[Opening Data for this exercise section]
lemma avoids_132_213_Cons_greater:
  "\<forall>v\<in>set s. v < x \<Longrightarrow> avoids_132_213 (x # s) \<longleftrightarrow> avoids_132_213 s"
  unfolding avoids_132_213_def avoids_def
  by (simp add: contains_Cons_greater)

lemma contains_132_insert_after_max:
  assumes below: "\<forall>v\<in>set (\<alpha> @ \<beta>). v < a" and "a < m"
    and "contains (\<alpha> @ a # m # \<beta>) [1,3,2]"
  shows "contains (\<alpha> @ a # \<beta>) [1,3,2]"
proof -
  have m: "m \<notin> set \<alpha>" "m \<notin> set \<beta>" "m \<noteq> a"
    using below \<open>a < m\<close> less_asym by fastforce+
  obtain x y z where occ: "subseq [x,y,z] (\<alpha> @ a # m # \<beta>)" "x < z" "z < y"
    using assms(3) unfolding contains_132 by blast
  show ?thesis
  proof (cases "y = m")
    case True
    \<comment> \<open>m plays the role of 3; the entry a right before it can take over that role\<close>
    have "subseq ([x] @ [m]) ((\<alpha> @ [a]) @ m # \<beta>)" "subseq ([m] @ [z]) ((\<alpha> @ [a]) @ m # \<beta>)"
      using subseq_order.order_trans[OF _ occ(1), of "[x,m]"]
        subseq_order.order_trans[OF _ occ(1), of "[m,z]"] True by simp_all
    then have "subseq [x] (\<alpha> @ [a])" "subseq [z] \<beta>"
      using m subseq_snoc_split[of "[x]" m "\<alpha> @ [a]" \<beta>] subseq_Cons_split[of m "[z]" "\<alpha> @ [a]" \<beta>]
      by simp_all
    then have "x \<in> set \<alpha> \<or> x = a" "z \<in> set \<beta>" by (auto simp: subseq_singleton_left)
    moreover have "z < a" using below \<open>z \<in> set \<beta>\<close> by simp
    ultimately have "subseq [x,a,z] (\<alpha> @ a # \<beta>)" "x < z" "z < a"
      using occ(2) by (auto simp: subseq_Cons_append subseq_singleton_left)
    then show ?thesis unfolding contains_132 by blast
  next
    case False
    have "x \<le> m" "y \<le> m" "z \<le> m"
      using set_mono_subseq[OF occ(1)] below \<open>a < m\<close> by (auto dest: bspec)
    then have "m \<notin> set [x,y,z]" using False occ by auto
    then have "subseq [x,y,z] (\<alpha> @ a # \<beta>)" using subseq_removeAll[OF occ(1), of m] m by simp
    then show ?thesis using occ unfolding contains_132 by blast
  qed
qed
lemma inner2_summable_norm: assumes "x \<in> l2" "y \<in> l2" shows "summable (\<lambda>n. norm (x n * cnj (y n)))"
  using summable_cmod_mult[OF assms] by (simp add: norm_mult)

lemma inner2_summable: assumes "x \<in> l2" "y \<in> l2" shows "summable (\<lambda>n. x n * cnj (y n))"
  using inner2_summable_norm[OF assms] by (rule summable_norm_cancel)

lemma inner2_Cauchy_Schwarz: assumes "x \<in> l2" "y \<in> l2" shows "cmod (inner2 x y) \<le> vnorm x * vnorm y"
proof -
  have "cmod (inner2 x y) \<le> (\<Sum>n. norm (x n * cnj (y n)))"
    unfolding inner2_def by (rule summable_norm[OF inner2_summable_norm[OF assms]])
  also have "\<dots> = (\<Sum>n. cmod (x n) * cmod (y n))" by (simp add: norm_mult)
  also have "\<dots> \<le> vnorm x * vnorm y" by (rule suminf_cmod_mult_le[OF assms])
  finally show ?thesis .
qed

lemma inner2_self: assumes "x \<in> l2" shows "inner2 x x = complex_of_real ((vnorm x)^2)"
proof -
  have e: "x n * cnj (x n) = complex_of_real ((cmod (x n))^2)" for n
    by (simp only: complex_norm_square)
  have "inner2 x x = (\<Sum>n. complex_of_real ((cmod (x n))^2))"
    unfolding inner2_def by (simp only: e)
  also have "\<dots> = complex_of_real (\<Sum>n. (cmod (x n))^2)"
    using assms by (simp add: l2_def suminf_of_real)
  finally show ?thesis using vnorm_square[OF assms] by simp
qed

lemma inner2_lincomb_left: assumes "x \<in> l2" "y \<in> l2" "z \<in> l2"
  shows "inner2 (\<lambda>n. c * x n + y n) z = c * inner2 x z + inner2 y z"
proof -
  have "inner2 (\<lambda>n. c * x n + y n) z = (\<Sum>n. c * (x n * cnj (z n)) + y n * cnj (z n))"
    unfolding inner2_def by (simp add: algebra_simps)
  also have "\<dots> = (\<Sum>n. c * (x n * cnj (z n))) + (\<Sum>n. y n * cnj (z n))"
    using inner2_summable[OF assms(1,3)] inner2_summable[OF assms(2,3)]
    by (intro suminf_add[symmetric] summable_mult) auto
  also have "\<dots> = c * inner2 x z + inner2 y z"
    unfolding inner2_def using inner2_summable[OF assms(1,3)] by (simp add: suminf_mult)
  finally show ?thesis .
qed

lemma inner2_cnj_swap: assumes "x \<in> l2" "y \<in> l2" shows "inner2 y x = cnj (inner2 x y)"
proof -
  have "(\<lambda>n. x n * cnj (y n)) sums inner2 x y"
    unfolding inner2_def using inner2_summable[OF assms] by (simp add: summable_sums)
  then have "(\<lambda>n. cnj (x n * cnj (y n))) sums cnj (inner2 x y)" by (simp only: sums_cnj)
  then have "(\<lambda>n. y n * cnj (x n)) sums cnj (inner2 x y)" by (simp add: mult.commute)
  then show ?thesis unfolding inner2_def by (simp add: sums_iff)
qed

lemma inner2_lincomb_right: assumes "x \<in> l2" "y \<in> l2" "z \<in> l2"
  shows "inner2 z (\<lambda>n. c * x n + y n) = cnj c * inner2 z x + inner2 z y"
proof -
  have "inner2 z (\<lambda>n. c * x n + y n) = cnj (inner2 (\<lambda>n. c * x n + y n) z)"
    using assms by (intro inner2_cnj_swap) auto
  also have "\<dots> = cnj (c * inner2 x z + inner2 y z)" using inner2_lincomb_left[OF assms, of c] by simp
  also have "\<dots> = cnj c * cnj (inner2 x z) + cnj (inner2 y z)" by simp
  also have "\<dots> = cnj c * inner2 z x + inner2 z y"
    using inner2_cnj_swap[OF assms(3,1)] inner2_cnj_swap[OF assms(3,2)] by simp
  finally show ?thesis .
qed
lemma map_Union_in_Lam:
  fixes t :: "nat \<Rightarrow> 'o::wellorder \<rightharpoonup> nat"
  assumes "uncountable (UNIV :: 'o set)" "\<And>a::'o. countable {..<a}"
    and step: "\<And>n. t n \<subseteq>\<^sub>m t (Suc n)"
    and Lam: "\<And>n. t n \<in> Lam"
    and "infinite (UNIV - (\<Union>n. ran (t n)))"
  shows "map_Union t \<in> Lam"
proof -
  have segment: "\<exists>a. dom (t n) = {..<a}" for n
    using Lam unfolding Lam_def by blast
  have "countable (dom (t n))" for n
    using segment[of n] assms(2) by metis
  then have "countable (dom (map_Union t))"
    unfolding dom_map_Union[of t, OF step] by (intro countable_UN) auto
  then have proper: "dom (map_Union t) \<noteq> UNIV"
    using assms(1) by auto
  have down_closed: "y \<in> dom (map_Union t)" if x: "x \<in> dom (map_Union t)" and "y < x" for x y
  proof -
    obtain n where "x \<in> dom (t n)"
      using x unfolding dom_map_Union[of t, OF step] by blast
    moreover obtain a where "dom (t n) = {..<a}"
      using segment by blast
    ultimately have "y \<in> dom (t n)"
      using \<open>y < x\<close> by auto
    then show ?thesis
      unfolding dom_map_Union[of t, OF step] by blast
  qed
  have "dom (map_Union t) = {..<LEAST x. x \<notin> dom (map_Union t)}"
    using proper down_closed by (rule down_closed_eq_lessThan)
  moreover have "inj_on (map_Union t) (dom (map_Union t))"
    using Lam unfolding Lam_def by (intro inj_on_map_Union[of t, OF step]) blast
  moreover have "infinite (UNIV - ran (map_Union t))"
    using assms(5) by (simp add: ran_map_Union[of t, OF step])
  ultimately show ?thesis
    unfolding Lam_def by blast
qed

definition admissible :: "('o::wellorder \<rightharpoonup> nat) \<Rightarrow> real \<Rightarrow> nat \<Rightarrow> bool" where
  "admissible t e k \<longleftrightarrow> t \<in> Lam \<and> 0 < e \<and> e \<le> (1/2) ^ k \<and> k \<notin> ran t"

lemma admissible_nbhd_avoids:
  assumes "admissible t e k" "u \<in> nbhd t e"
  shows "k \<notin> ran u"
proof
  assume "k \<in> ran u"
  then obtain b where b: "u b = Some k" by (auto simp: ran_def)
  have "b \<notin> dom t"
    using assms b unfolding admissible_def nbhd_def map_le_def ran_def by force
  then have "lam t + (1/2) ^ k \<le> lam u"
    using assms b unfolding nbhd_def Lam_def by (intro lam_add_value) auto
  then show False
    using assms unfolding admissible_def nbhd_def by auto
qed

lemma admissible_nbhd_inside:
  assumes "openin T_lam V" "t \<in> V" "k \<notin> ran t" "0 < c"
  obtains e where "admissible t e k" "e < c" "nbhd t e \<subseteq> V"
proof -
  obtain e where e: "0 < e" "nbhd t e \<subseteq> V"
    using assms(1,2) unfolding openin_T_lam by blast
  let ?e = "min e (min (c/2) ((1/2) ^ k))"
  have "admissible t ?e k"
    using assms e openin_T_lam unfolding admissible_def by auto
  moreover have "nbhd t ?e \<subseteq> V"
    using e nbhd_mono[of ?e e t] by auto
  ultimately show ?thesis
    using that assms(4) by auto
qed

lemma admissible_nbhd_in_open:
  assumes "openin T_lam V" "V \<noteq> {}"
  obtains t e k where "admissible t e k" "nbhd t e \<subseteq> V"
proof -
  obtain t where t: "t \<in> V"
    using assms(2) by blast
  then have "infinite (UNIV - ran t)"
    using assms(1) unfolding openin_T_lam Lam_def by blast
  then obtain k where "k \<notin> ran t"
    by (metis Diff_iff finite.emptyI ex_in_conv)
  then show ?thesis
    using admissible_nbhd_inside[OF assms(1) t] zero_less_one that by metis
qed

lemma shrink_admissible:
  assumes "admissible t e k" "openin T_lam U" "T_lam closure_of U = topspace T_lam"
  obtains t' e' k' where "admissible t' e' k'" "k < k'"
    "nbhd t' e' \<subseteq> U \<inter> nbhd t e" "lam t' + e' < lam t + e"
proof -
  obtain t' where t': "t' \<in> U \<inter> nbhd t e"
    using assms openin_nbhd self_in_nbhd unfolding dense_intersects_open admissible_def by blast
  then have "infinite (UNIV - ran t')"
    unfolding nbhd_def Lam_def by blast
  then obtain k' where k': "k' \<notin> ran t'" "k < k'"
    unfolding infinite_nat_iff_unbounded by blast
  have "openin T_lam (U \<inter> nbhd t e)"
    using assms(2) openin_nbhd by blast
  moreover have "0 < lam t + e - lam t'"
    using t' unfolding nbhd_def by auto
  ultimately obtain e' where "admissible t' e' k'" "e' < lam t + e - lam t'"
    "nbhd t' e' \<subseteq> U \<inter> nbhd t e"
    using admissible_nbhd_inside t' k'(1) by metis
  then show ?thesis
    using that k'(2) by auto
qed

lemma nested_admissible_nbhds_meet:
  fixes t :: "nat \<Rightarrow> 'o::wellorder \<rightharpoonup> nat"
  assumes "uncountable (UNIV :: 'o set)" "\<And>a::'o. countable {..<a}"
    and adm: "\<And>n. admissible (t n) (e n) (k n)" and "strict_mono k"
    and nested: "\<And>n. nbhd (t (Suc n)) (e (Suc n)) \<subseteq> nbhd (t n) (e n)"
    and shrinking: "\<And>n. lam (t (Suc n)) + e (Suc n) < lam (t n) + e n"
  shows "map_Union t \<in> nbhd (t n) (e n)"
proof -
  have Lam: "t n \<in> Lam" and inj: "inj_on (t n) (dom (t n))" and pos: "0 < e n" for n
    using adm unfolding admissible_def Lam_def by auto
  have later: "t m \<in> nbhd (t n) (e n)" if "n \<le> m" for m n
  proof -
    have "nbhd (t m) (e m) \<subseteq> nbhd (t n) (e n)"
      using nested that by (rule lift_Suc_antimono_le)
    then show ?thesis
      using self_in_nbhd[OF Lam pos] by blast
  qed
  have step: "t n \<subseteq>\<^sub>m t (Suc n)" for n
    using later[of n "Suc n"] unfolding nbhd_def by simp
  have "k n \<notin> ran (t m)" for m n
  proof
    assume "k n \<in> ran (t m)"
    then have "k n \<in> ran (t (max m n))"
      using ran_map_le[OF map_le_chain[of t m "max m n", OF step]] by auto
    then show False
      using admissible_nbhd_avoids[OF adm later[of n "max m n"]] by simp
  qed
  then have "range k \<subseteq> UNIV - (\<Union>n. ran (t n))"
    by blast
  moreover have "infinite (range k)"
    using \<open>strict_mono k\<close> by (simp add: range_inj_infinite strict_mono_imp_inj_on)
  ultimately have "infinite (UNIV - (\<Union>n. ran (t n)))"
    by (rule infinite_super)
  then have "map_Union t \<in> Lam"
    by (rule map_Union_in_Lam[of t, OF assms(1,2) step Lam])
  have "lam (t m) \<le> lam (t (Suc n)) + e (Suc n)" for m
  proof (cases "Suc n \<le> m")
    case True
    then show ?thesis
      using later[OF True] unfolding nbhd_def by auto
  next
    case False
    then have "lam (t m) \<le> lam (t (Suc n))"
      using lam_mono[OF inj map_le_chain[of t, OF step]] by simp
    then show ?thesis
      using pos[of "Suc n"] by linarith
  qed
  then have "lam (map_Union t) \<le> lam (t (Suc n)) + e (Suc n)"
    by (rule lam_map_Union_le[of t, OF step inj])
  then have "lam (map_Union t) < lam (t n) + e n"
    using shrinking[of n] by linarith
  then show ?thesis
    using \<open>map_Union t \<in> Lam\<close> map_le_map_Union[of t, OF step] by (simp add: nbhd_def)
qed

lemma nested_admissible_sequence:
  assumes "\<And>n. openin T_lam (U n) \<and> T_lam closure_of U n = topspace T_lam"
    and "openin T_lam W" "W \<noteq> {}"
  obtains t :: "nat \<Rightarrow> 'o::wellorder \<rightharpoonup> nat" and e k
  where "\<And>n. admissible (t n) (e n) (k n)" "strict_mono k" "nbhd (t 0) (e 0) \<subseteq> W"
    "\<And>n. nbhd (t (Suc n)) (e (Suc n)) \<subseteq> U n \<inter> nbhd (t n) (e n)"
    "\<And>n. lam (t (Suc n)) + e (Suc n) < lam (t n) + e n"
proof -
  define P where "P = (\<lambda>(t, e, k). admissible t e k \<and> nbhd t e \<subseteq> W)"
  define Q where "Q n = (\<lambda>(t, e, k) (t', e', k' :: nat).
    k < k' \<and> nbhd t' e' \<subseteq> U n \<inter> nbhd t e \<and> lam t' + e' < lam t + e)" for n
  obtain t0 e0 k0 where "admissible t0 e0 k0" "nbhd t0 e0 \<subseteq> W"
    using admissible_nbhd_in_open assms(2,3) by blast
  then have start: "P (t0, e0, k0)"
    unfolding P_def by simp
  have step: "\<exists>y. P y \<and> Q n x y" if "P x" for x n
  proof -
    obtain t e k where x: "x = (t, e, k)" "admissible t e k" "nbhd t e \<subseteq> W"
      using \<open>P x\<close> unfolding P_def by auto
    then obtain t' e' k' where "admissible t' e' k'" "k < k'"
      "nbhd t' e' \<subseteq> U n \<inter> nbhd t e" "lam t' + e' < lam t + e"
      using shrink_admissible assms(1) by metis
    then have "P (t', e', k') \<and> Q n x (t', e', k')"
      using x unfolding P_def Q_def by auto
    then show ?thesis ..
  qed
  obtain f where f: "\<And>n. P (f n)" "\<And>n. Q n (f n) (f (Suc n))"
    using dependent_nat_choice[of "\<lambda>_. P" Q] start step by blast
  show ?thesis
  proof
    show "admissible (fst (f n)) (fst (snd (f n))) (snd (snd (f n)))" for n
      using f(1)[of n] unfolding P_def by (simp add: case_prod_beta)
    show "nbhd (fst (f 0)) (fst (snd (f 0))) \<subseteq> W"
      using f(1)[of 0] unfolding P_def by (simp add: case_prod_beta)
    show "strict_mono (\<lambda>n. snd (snd (f n)))"
      using f(2) unfolding Q_def strict_mono_Suc_iff by (simp add: case_prod_beta)
  qed (use f(2) in \<open>simp_all add: Q_def case_prod_beta\<close>)
qed

theorem lemma10p1:
  assumes "uncountable (UNIV :: 'o::wellorder set)"
    and "\<forall>a::'o. countable {..<a}"
  shows "Baire_space (T_lam :: ('o \<rightharpoonup> nat) topology)"
  unfolding Baire_space_def
proof (intro allI impI)
  fix U :: "nat \<Rightarrow> ('o \<rightharpoonup> nat) set"
  assume U: "\<forall>n. openin T_lam (U n) \<and> T_lam closure_of U n = topspace T_lam"
  have "(\<Inter>n. U n) \<inter> W \<noteq> {}" if W: "openin T_lam W" "W \<noteq> {}" for W
  proof -
    obtain t :: "nat \<Rightarrow> 'o \<rightharpoonup> nat" and e k where
      adm: "\<And>n. admissible (t n) (e n) (k n)" "strict_mono k" and "nbhd (t 0) (e 0) \<subseteq> W"
      and nested: "\<And>n. nbhd (t (Suc n)) (e (Suc n)) \<subseteq> U n \<inter> nbhd (t n) (e n)"
      and shrinking: "\<And>n. lam (t (Suc n)) + e (Suc n) < lam (t n) + e n"
      using nested_admissible_sequence[OF _ W] U by metis
    have "map_Union t \<in> nbhd (t n) (e n)" for n
      using nested_admissible_nbhds_meet[OF assms(1) _ adm _ shrinking] assms(2) nested by blast
    then show ?thesis
      using \<open>nbhd (t 0) (e 0) \<subseteq> W\<close> nested by blast
  qed
  then show "T_lam closure_of (\<Inter>n. U n) = topspace T_lam"
    unfolding dense_intersects_open by blast
qed

end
[Closing Data for this exercise section]
## What you have to do
Select every line in the records above that contains the word "proper".

## Answer to this task
  then have proper: "dom (map_Union t) \<noteq> UNIV"
    using proper down_closed by (rule down_closed_eq_lessThan)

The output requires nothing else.